O.K. However, going back to your earlier parenthetical remark, I am fine assuming that the group is of size $\kappa$ for a big $\kappa$, say $\kappa$ strongly inaccessible. In addition, let us also assume that the $H_i$'s are also of size $\kappa$. –  Isaac Goldbring Oct 23 '10 at 2:16
    
That is fine with me, if it makes the statement true, but it is a serious retreat, since the original theorem was not just about countable groups.
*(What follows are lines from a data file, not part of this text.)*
(* Let $\lambda>1$ and let $(a_n)_{n\ge1}$, $(b_n)_{n\ge1}$ be real sequences with $a\doteq\sup_{n\ge1}a_n<\infty$ and $b_n\ge0$ for all $n$. Assume $a\ge(\lambda-1)[1-\ln(\lambda-1)]$ and let $u^*$ be the smallest positive fixed point of $f(u)=u^{\lambda}e^{a-u}$. Let $\{x_n\}$ be a non-negative solution of $$x_{n+1}=x_{n-1}^{\lambda}e^{a_n-b_nx_n-x_{n-1}},\qquad n\ge1.$$ If $x_k\in(0,u^* )$ for some $k\ge0$, then the terms $x_k,x_{k+2},x_{k+4},\dots$ are strictly decreasing and converge to $0$.
   Context: When $\lambda>1$ and $a\ge(\lambda-1)[1-\ln(\lambda-1)]$, the map $f(u)=u^\lambda e^{a-u}$ on $[0,\infty)$ has at least one positive fixed point; $u^*$ denotes the smallest one (the Allee fixed point of $f$). *)

theory Defs
  imports Complex_Main
begin

definition allee_map :: "real \<Rightarrow> real \<Rightarrow> real \<Rightarrow> real" where
  "allee_map lam a u = u powr lam * exp (a - u)"

definition is_allee_fixed_point :: "real \<Rightarrow> real \<Rightarrow> real \<Rightarrow> bool" where
  "is_allee_fixed_point lam a u \<longleftrightarrow>
     u > 0 \<and> allee_map lam a u = u \<and>
     (\<forall>v. 0 < v \<and> allee_map lam a v = v \<longrightarrow> u \<le> v)"

end

theory Submission
  imports Defs
begin

text \<open>Each of the subsequences (x (k + 2j))_j is dominated by the Allee map f, because
  a_n \<le> a and b_n x_n \<ge> 0. Below its smallest positive fixed point u* the map f lies strictly
  under the diagonal: it does so near 0 because lam > 1, and a crossing in (0, u*) would be a
  smaller fixed point. A positive sequence with y_(j+1) \<le> f(y_j) under such a map therefore
  decreases strictly, and its limit L satisfies L \<le> f(L), which forces L = 0.\<close>

lemma isCont_allee_map: "u > 0 \<Longrightarrow> isCont (allee_map lam a) u"
  unfolding allee_map_def by (auto intro!: continuous_intros)

lemma allee_map_less_self_near_zero:
  assumes lam: "lam > 1" and u: "u > 0"
  obtains e where "0 < e" "e < u" "allee_map lam a e < e"
proof
  \<comment> \<open>f(e)/e = e^(lam-1) e^(a-e), which is below 1 as soon as e^(lam-1) < e^(-a).\<close>
  define e where "e = min (u/2) (exp (-a/(lam-1)) / 2)"
  show e0: "0 < e" "e < u" using u by (auto simp: e_def)
  have "e < exp (-a/(lam-1))" unfolding e_def using exp_gt_zero[of "-a/(lam-1)"] by linarith
  hence "e powr (lam-1) < exp (-a/(lam-1)) powr (lam-1)"
    using e0 lam by (intro powr_less_mono2) auto
  also have "\<dots> = exp (-a)" using lam by (simp add: exp_powr_real)
  finally have "e powr (lam-1) * exp a < 1" by (simp add: exp_minus field_simps)
  moreover have "exp (-e) < 1" using e0 by simp
  ultimately have "e powr (lam-1) * exp a * exp (-e) < 1"
    by (smt (verit) exp_gt_zero mult_less_cancel_left1 powr_ge_zero zero_le_mult_iff)
  moreover have "allee_map lam a e = e powr (lam-1) * exp a * exp (-e) * e"
    unfolding allee_map_def using e0 powr_add[of e 1 "lam-1"]
    by (simp add: exp_diff exp_minus field_simps)
  ultimately show "allee_map lam a e < e" using e0 by simp
qed

lemma allee_map_less_self_below_fixed_point:
  assumes lam: "lam > 1" and ustar: "is_allee_fixed_point lam a ustar"
    and u: "0 < u" "u < ustar"
  shows "allee_map lam a u < u"
proof (rule ccontr)
  assume "\<not> allee_map lam a u < u"
  hence "allee_map lam a u - u \<ge> 0" by simp
  moreover obtain e where e: "0 < e" "e < u" "allee_map lam a e - e < 0"
    using allee_map_less_self_near_zero[OF lam \<open>u > 0\<close>] by (metis diff_less_0_iff_less)
  moreover have "continuous_on {e..u} (\<lambda>v. allee_map lam a v - v)"
    using e by (intro continuous_at_imp_continuous_on ballI continuous_intros isCont_allee_map) auto
  ultimately obtain v where v: "e \<le> v" "v \<le> u" "allee_map lam a v - v = 0"
    using IVT'[of "\<lambda>v. allee_map lam a v - v" e 0 u] by auto
  hence "ustar \<le> v" using ustar e unfolding is_allee_fixed_point_def by auto
  thus False using v u by simp
qed

lemma dominated_orbit_decreases_to_zero:
  fixes y :: "nat \<Rightarrow> real" and f :: "real \<Rightarrow> real"
  assumes below: "\<And>u. 0 < u \<Longrightarrow> u < c \<Longrightarrow> f u < u"
    and cont: "\<And>u. 0 < u \<Longrightarrow> isCont f u"
    and pos: "\<And>j. 0 < y j"
    and dom: "\<And>j. y (Suc j) \<le> f (y j)"
    and start: "y 0 < c"
  shows "(\<forall>j. y (Suc j) < y j) \<and> y \<longlonglongrightarrow> 0"
proof -
  have dec: "y (Suc j) < y j \<and> y j < c" for j
  proof (induction j)
    case 0
    then show ?case using start dom[of 0] below[OF pos start] by simp
  next
    case (Suc j)
    then have "y (Suc j) < c" by simp
    then show ?case using dom[of "Suc j"] below[OF pos] by (meson order.strict_trans1)
  qed
  have "decseq y" by (rule decseq_SucI) (use dec in \<open>simp add: less_imp_le\<close>)
  moreover have "\<forall>j. 0 \<le> y j" using pos by (simp add: less_imp_le)
  ultimately obtain L where L: "y \<longlonglongrightarrow> L" "\<forall>j. L \<le> y j"
    by (rule decseq_convergent)
  have "L \<ge> 0" using \<open>\<forall>j. 0 \<le> y j\<close> by (intro LIMSEQ_le_const[OF L(1)]) simp
  have "L = 0"
  proof (rule ccontr)
    assume "L \<noteq> 0"
    with \<open>L \<ge> 0\<close> have "L > 0" by simp
    have "(\<lambda>j. y (Suc j)) \<longlonglongrightarrow> L" using L(1) by (rule LIMSEQ_Suc)
    moreover have "(\<lambda>j. f (y j)) \<longlonglongrightarrow> f L"
      using isCont_tendsto_compose[OF cont[OF \<open>L > 0\<close>] L(1)] .
    moreover have "\<exists>N. \<forall>j\<ge>N. y (Suc j) \<le> f (y j)" using dom by blast
    ultimately have "L \<le> f L" by (rule LIMSEQ_le)
    moreover have "L < c" using L(2) start by (metis order.strict_trans1)
    ultimately show False using below[OF \<open>L > 0\<close>] by simp
  qed
  with dec L(1) show ?thesis by simp
qed

theorem mainTheorem7:
  fixes lam a ustar :: real and as bs x :: "nat \<Rightarrow> real" and k :: nat
  assumes lam: "lam > 1"
    and bdd: "bdd_above (as ` {1..})"
    and a_def: "a = (SUP n\<in>{1..}. as n)"
    and bs_nonneg: "\<And>n. n \<ge> 1 \<Longrightarrow> bs n \<ge> 0"
    and a_ge: "a \<ge> (lam - 1) * (1 - ln (lam - 1))"
    and ustar: "is_allee_fixed_point lam a ustar"
    and x_nonneg: "\<And>n. x n \<ge> 0"
    and x_rec: "\<And>n. n \<ge> 1 \<Longrightarrow>
                  x (n + 1) = x (n - 1) powr lam * exp (as n - bs n * x n - x (n - 1))"
    and xk: "0 < x k" "x k < ustar"
  shows "(\<forall>j. x (k + 2 * (j + 1)) < x (k + 2 * j)) \<and> (\<lambda>j. x (k + 2 * j)) \<longlonglongrightarrow> 0"
proof -
  define y where "y j = x (k + 2 * j)" for j
  have y_rec: "y (Suc j) = y j powr lam * exp (as n - bs n * x n - y j)"
    if "n = k + 2 * j + 1" for j n
    using x_rec[of n] that by (simp add: y_def)
  have pos: "0 < y j" for j
  proof (induction j)
    case (Suc j)
    then show ?case using y_rec[OF refl] by simp
  qed (use xk in \<open>simp add: y_def\<close>)
  have dom: "y (Suc j) \<le> allee_map lam a (y j)" for j
  proof -
    define n where "n = k + 2 * j + 1"
    have "as n \<le> a" unfolding a_def using bdd by (intro cSUP_upper) (auto simp: n_def)
    moreover have "bs n * x n \<ge> 0" using bs_nonneg x_nonneg by (simp add: n_def)
    ultimately show ?thesis
      unfolding y_rec[OF n_def] allee_map_def by (intro mult_left_mono) auto
  qed
  have "(\<forall>j. y (Suc j) < y j) \<and> y \<longlonglongrightarrow> 0"
  proof (rule dominated_orbit_decreases_to_zero)
    show "allee_map lam a u < u" if "0 < u" "u < ustar" for u
      using allee_map_less_self_below_fixed_point[OF lam ustar that] .
    show "y 0 < ustar" using xk(2) by (simp add: y_def)
  qed (use isCont_allee_map pos dom in auto)
  moreover have "y = (\<lambda>j. x (k + 2 * j))" by (simp add: y_def fun_eq_iff)
  ultimately show ?thesis by (simp add: y_def)
qed

end
(* Let $T=\mathbb{T}_q$ be the homogeneous tree in which every vertex has degree $q+1$, where $q\ge2$ is an integer, and let $P$ be simple random walk, $p(x,y)=1/(q+1)$ for $x\sim y$. Let $\rho=2\sqrt q/(q+1)$ and $\lambda\in\mathbb{C}\setminus[-\rho,\rho]$. Then every $\lambda$-polyharmonic function $f$ of order $n\ge1$ has an integral representation $$f(x)=\sum_{k=0}^{n-1}\int_{\partial T}K(x,\xi\mid\lambda)\,\mathrm{hor}(x,\xi)^k\,d\bar\nu_k(\xi),\qquad x\in T,$$ where the complex distributions $\bar\nu_0,\dots,\bar\nu_{n-1}$ are uniquely determined by $f$.
   Context: Fix a root $o$. $\partial T$ is the set of ends (classes of geodesic rays modulo finite initial segments). $x\wedge\xi$ is the last common vertex of the geodesics $\pi(o,x)$ and $\pi(o,\xi)$. The horocycle index is $\mathrm{hor}(x,\xi)=d(x,x\wedge\xi)-d(o,x\wedge\xi)$. For $\lambda\in\mathbb{C}\setminus[-\rho,\rho]$ (the resolvent set of $P$ on $\ell^2(T)$), $G(x,y\mid\lambda)=((\lambda I-P)^{-1}\mathbf 1_y)(x)$, and $K(x,\xi\mid\lambda)=G(x,x\wedge\xi\mid\lambda)/G(o,x\wedge\xi\mid\lambda)$. Explicitly, $K(x,\xi\mid\lambda)=F(\lambda)^{\mathrm{hor}(x,\xi)}$ with $F(\lambda)=\frac{(q+1)\lambda}{2q}\bigl(1-\sqrt{1-\rho^2/\lambda^2}\bigr)$. $f$ is $\lambda$-polyharmonic of order $n$ if $(\lambda I-P)^nf=0$, where $Pf(x)=\sum_yp(x,y)f(y)$. $x^-$ is the neighbour of $x\ne o$ closer to $o$, and $\partial T_x$ is the set of ends whose ray from $o$ passes through $x$. A complex distribution is $\nu:\{\partial T_x\}\to\mathbb{C}$ with $\nu(\partial T_x)=\sum_{y^-=x}\nu(\partial T_y)$. Integral of a locally constant $\varphi$ (constant value $\varphi_x$ on $\partial T_x\setminus\bigcup_{y\in\tau,y^-=x}\partial T_y$ for $x$ in a finite subtree $\tau\ni o$): $\int\varphi\,d\nu=\sum_{x\in\tau}\varphi_x(\nu(\partial T_x)-\sum_{y\in\tau,y^-=x}\nu(\partial T_y))$. For fixed $x$, the function $\xi\mapsto K(x,\xi\mid\lambda)\,\mathrm{hor}(x,\xi)^k$ is locally constant, with $\tau=\pi(o,x)$. *)

theory Defs
  imports Complex_Main
begin

text \<open>Model of the homogeneous tree of degree q+1. A vertex is a list of labels
recording the path from the root o = []; the HEAD of the list is the last step.
The first step from the root (the last list element) has a label in {0..q}
(q+1 choices), every later step a label in {0..<q} (q choices).
The predecessor x^- of x \<noteq> o is tl x.\<close>

definition tree_vertex :: "nat \<Rightarrow> nat list \<Rightarrow> bool" where
  "tree_vertex q xs \<longleftrightarrow> xs = [] \<or> (last xs \<le> q \<and> (\<forall>i\<in>set (butlast xs). i < q))"

definition tree_children :: "nat \<Rightarrow> nat list \<Rightarrow> nat list set" where
  "tree_children q x = (if x = [] then {[i] | i. i \<le> q} else {i # x | i. i < q})"

definition tree_neighbours :: "nat \<Rightarrow> nat list \<Rightarrow> nat list set" where
  "tree_neighbours q x = tree_children q x \<union> (if x = [] then {} else {tl x})"

definition srw_op :: "nat \<Rightarrow> (nat list \<Rightarrow> complex) \<Rightarrow> nat list \<Rightarrow> complex" where
  "srw_op q f x = (\<Sum>y\<in>tree_neighbours q x. f y) / of_nat (q + 1)"

definition resolvent_op :: "nat \<Rightarrow> complex \<Rightarrow> (nat list \<Rightarrow> complex) \<Rightarrow> nat list \<Rightarrow> complex" where
  "resolvent_op q lam f x = lam * f x - srw_op q f x"

definition polyharmonic :: "nat \<Rightarrow> complex \<Rightarrow> nat \<Rightarrow> (nat list \<Rightarrow> complex) \<Rightarrow> bool" where
  "polyharmonic q lam n f \<longleftrightarrow> (\<forall>x. tree_vertex q x \<longrightarrow> ((resolvent_op q lam ^^ n) f) x = 0)"

definition spec_radius :: "nat \<Rightarrow> real" where
  "spec_radius q = 2 * sqrt (real q) / real (q + 1)"

definition F_fun :: "nat \<Rightarrow> complex \<Rightarrow> complex" where
  "F_fun q lam = of_nat (q + 1) * lam / of_nat (2 * q)
      * (1 - csqrt (1 - (complex_of_real (spec_radius q))\<^sup>2 / lam\<^sup>2))"

text \<open>Complex distribution, indexed by vertices: nu x stands for nu(\<partial>T_x).\<close>
definition is_distribution :: "nat \<Rightarrow> (nat list \<Rightarrow> complex) \<Rightarrow> bool" where
  "is_distribution q nu \<longleftrightarrow>
     (\<forall>x. tree_vertex q x \<longrightarrow> nu x = (\<Sum>y\<in>tree_children q x. nu y))"

text \<open>Integral of a locally constant function given by values phi on a finite subtree tau.\<close>
definition lc_integral :: "(nat list \<Rightarrow> complex) \<Rightarrow> nat list set \<Rightarrow> (nat list \<Rightarrow> complex) \<Rightarrow> complex" where
  "lc_integral nu tau phi =
     (\<Sum>v\<in>tau. phi v * (nu v - (\<Sum>y\<in>{y\<in>tau. y \<noteq> [] \<and> tl y = v}. nu y)))"

definition geod_path :: "nat list \<Rightarrow> nat list set" where
  "geod_path x = {drop i x | i. i \<le> length x}"

text \<open>hor(x,\<xi>) for ends \<xi> with x \<and> \<xi> = v (v on \<pi>(o,x)): d(x,v) - d(o,v).\<close>
definition hor_at :: "nat list \<Rightarrow> nat list \<Rightarrow> int" where
  "hor_at x v = int (length x - length v) - int (length v)"

text \<open>\<integral> K(x,\<xi>|\<lambda>) hor(x,\<xi>)^k d\<nu>(\<xi>), with K = F(\<lambda>)^hor, over the subtree \<pi>(o,x).\<close>
definition kernel_integral :: "nat \<Rightarrow> complex \<Rightarrow> nat \<Rightarrow> (nat list \<Rightarrow> complex) \<Rightarrow> nat list \<Rightarrow> complex" where
  "kernel_integral q lam k nu x =
     lc_integral nu (geod_path x) (\<lambda>v. F_fun q lam powi hor_at x v * (of_int (hor_at x v)) ^ k)"

end

theory Submission
  imports Defs
begin

(* Every kernel integral depends on x only through the horocycle indices 2i - |x| of the vertices
   of \<pi>(o,x), and for a distribution \<nu> the walk P acts on such integrals through the one-dimensional
   operator \<phi> \<mapsto> (\<phi>(h-1) + q \<phi>(h+1))/(q+1) on functions of the horocycle index.
   Since F solves (q+1)\<lambda>F = 1 + qF\<^sup>2, the induced operator \<lambda> - P maps F^h h^k to F^h times a
   polynomial in h of degree exactly k - 1 (the leading coefficient is nonzero because \<lambda> is
   outside [-\<rho>,\<rho>]). So \<lambda>I - P maps the kernel integrals of order k+1 onto those of order k and
   annihilates them after k steps, which reduces existence and uniqueness to the harmonic case.
   There the distribution is read off from f by \<nu>(x) = (f(x) - F f(x\<^sup>-)) / (F^(-|x|) (1 - F\<^sup>2)). *)

lemma tree_vertex_drop: "tree_vertex q x \<Longrightarrow> tree_vertex q (drop i x)"
  unfolding tree_vertex_def
  by (auto simp: butlast_drop last_drop dest: in_set_dropD)

lemma tree_vertex_tl: "tree_vertex q x \<Longrightarrow> tree_vertex q (tl x)"
  using tree_vertex_drop[of q x 1] by (simp add: drop_Suc)

lemma tree_vertex_children: "tree_vertex q x \<Longrightarrow> y \<in> tree_children q x \<Longrightarrow> tree_vertex q y"
  unfolding tree_children_def tree_vertex_def by (auto split: if_splits)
Such a statement would not generalize the original theorem in the case $\kappa=\omega$. –  Joel David Hamkins Oct 23 '10 at 2:21
    
Let me add one result of similar kind where there is an infinite version: Podoski proved in 2001 that if $\kappa$ is an infinite cardinal and $G$ is covered by $\kappa$ Abelian group, then the index of $Z(G)$ is at most $2^\kappa$. –  Péter Komjáth Oct 23 '10 at 5:50

So it appears that my question is false. Here is a counterexample communicated to me by Ehud Hrushovski, although he attributes the counterexample to Macpherson and Neumann: Fix an uncountable cardinal $\kappa$ and let $G$ be the group of permutations of $\kappa$ with finite support. Let $G_n$ be the subgroup of $G$ consisting of those permutations which fix $n\in \omega$. Then $G=\bigcup G_n$ and each $G_n$ has index $\kappa$ in $G$.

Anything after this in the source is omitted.